Many are being attracted to real estate wholesaling. Yet, there continues to be a big divide between the few who are doing 80% of the business, and the masses kicking around deals without much in the way of results. What do top performers do differently?

Think Big

The most successful house wholesalers are typically those that think the biggest. They aren’t looking to make $100k per year. They are looking to make $100k or more per month. They don’t shoot for a handful of deals per month. They are looking for 10 plus deals each month. They have really big visions.


Serious About Finding Good Deals

Great wholesalers are serious about finding very good deals. They are looking for deep discounts, and fat spreads. They are also looking for houses that they can resell. They are looking for 100% returns, $100k spreads, not just a handful of bills, nor deadbeat properties that are just going to be a nightmare.


Care About Presenting Good Deals

One of the biggest differentiating factors is that they care about being able to present good deals to their buyers, and are willing to invest the time and effort in that presentation. They know that their success and ability to stay in the business relies on it. If they just throw up properties that have big lurking issues or un-insurable titles, they are going to burn their buyers bad. At best they’d lose their reputation and any chance at repeat and referral business. Solid wholesalers want their buyers to be profitable.

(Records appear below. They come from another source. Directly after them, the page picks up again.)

lemma coequalizes_kernel_pair_if_annihilates_kernel:
  assumes pb: "is_pullback C r1 r2 e e" and k: "is_kernel C k e"
    and g: "g \<in> hom C (cDom C e) T" "cComp C g k = zero (cDom C k) T"
  shows "cComp C g r1 = cComp C g r2"
proof -
  note pd = pullbackD[OF pb] and kk = kernelD[OF k]
  define A R where "A = cDom C e" and "R = cDom C r1"
  have r: "r1 \<in> hom C R A" "r2 \<in> hom C R A" and eh: "e \<in> hom C A (cCod C e)"
    using pd unfolding A_def R_def by (auto simp: hom_def)
  have A: "A \<in> cObj C" using eh hom_objs by blast
  obtain d where d: "d \<in> hom C A R" "cComp C r1 d = cId C A" "cComp C r2 d = cId C A"
    using pullback_factor[OF pb, of "cId C A" A "cId C A"] id_in_hom[OF A]
    unfolding A_def R_def by (auto simp: hom_def)
  obtain j where j: "is_kernel C j r1" using kernel_exists r by (auto simp: hom_def)
  note kj = kernelD[OF j]
  define J where "J = cDom C j"
  have jh: "j \<in> hom C J R" and J: "J \<in> cObj C" using kj r unfolding J_def by (auto simp: hom_def)
  have r1j: "cComp C r1 j = zero J A" using kj r unfolding J_def by (simp add: hom_def)
  have "cComp C e (cComp C r2 j) = cComp C (cComp C e r1) j" using pd jh r by (simp add: hom_def)
  also have "\<dots> = zero J (cCod C e)"
    using comp_zero_left_nested[of e r1 j] r1j jh r eh J by (simp add: hom_def)
  finally obtain a where a: "a \<in> hom C J (cDom C k)" "cComp C k a = cComp C r2 j"
    using kernel_factor[OF k, of "cComp C r2 j" J] jh r unfolding A_def by (auto simp: hom_def)
  have T: "T \<in> cObj C" using g hom_objs by blast
  have "cComp C (cComp C g k) a = cComp C g (cComp C k a)"
    using a(1) g(1) kk by (simp add: hom_def)
  also have "\<dots> = cComp C (cComp C g r2) j"
    using a(2) g(1) jh r unfolding A_def by (simp add: hom_def)
  finally have "cComp C (cComp C g r2) j = cComp C (cComp C g r1) j"
    using comp_zero_left_nested[of g r1 j] a(1) g r1j jh r kk T unfolding A_def
    by (simp add: hom_def)
  then show ?thesis
    using eq_if_eq_on_kernel_and_section[OF r(1) d(1,2) j, of "cComp C g r1" T "cComp C g r2"]
      comp_id_left_nested[of g r1 d] comp_id_left_nested[of g r2 d] g r d
    unfolding A_def by (simp add: hom_def)
qed

lemma normal_epi_if_regular_epi:
  assumes "regular_epi C e"
  shows "normal_epi C e"
proof -
  obtain x y where co: "is_coequalizer C e x y" using assms unfolding regular_epi_def by blast
  note cd = coequalizerD[OF co]
  obtain k where k: "is_kernel C k e" using kernel_exists cd by blast
  note kk = kernelD[OF k]
  have "e \<in> hom C (cDom C e) (cCod C e)" using cd by (simp add: hom_def)
  then obtain r1 r2 where pb: "is_pullback C r1 r2 e e" using pullback_exists by blast
  have "is_cokernel C e k"
  proof (rule cokernelI)
    fix g T
    assume g: "g \<in> hom C (cCod C k) T" "cComp C g k = zero (cDom C k) T"
    have gh: "g \<in> hom C (cDom C e) T" using g kk by (simp add: hom_def)
    have "x \<in> hom C (cDom C x) (cDom C e)" "y \<in> hom C (cDom C x) (cDom C e)"
      using cd co unfolding is_coequalizer_def is_equalizer_def by (auto simp: hom_def)
    then obtain w where w: "cComp C r1 w = x" "cComp C r2 w = y" "w \<in> hom C (cDom C x) (cDom C r1)"
      using pullback_factor[OF pb] cd by blast
    have "cComp C g x = cComp C (cComp C g r1) w" using w gh pullbackD[OF pb] by (auto simp: hom_def)
    also have "\<dots> = cComp C (cComp C g r2) w"
      using coequalizes_kernel_pair_if_annihilates_kernel[OF pb k gh g(2)] by simp
    also have "\<dots> = cComp C g y" using w gh pullbackD[OF pb] by (auto simp: hom_def)
    finally show "\<exists>u \<in> hom C (cCod C e) T. cComp C u e = g"
      using coequalizer_factor[OF co, of g T] gh cd by (auto simp: hom_def)
  qed (use kk coequalizer_epi[OF co] in simp_all)
  then show ?thesis unfolding normal_epi_def by blast
qed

They want them to succeed, and come running back for more, and for them to easily be able to make a good decision based on the information provided.

They Understand Real Estate Financing

This will make or break investors. There are a lot of nuances in mortgage financing. Wrong assumptions have bankrupted many new investors. Those with the best understanding of it have the ability to move with confidence, and complete deals others can’t.

Invest in Building a Great Brand

In order to have more negotiating power, to have prospects seeking you out, to win great investors and vendors, and to hit full potential, you’ve got to build a brand. It has to be memorable, recognizable, and carry value. Leading wholesalers do this by giving their branding the thought it deserves, bringing in a great team, and putting out quality materials.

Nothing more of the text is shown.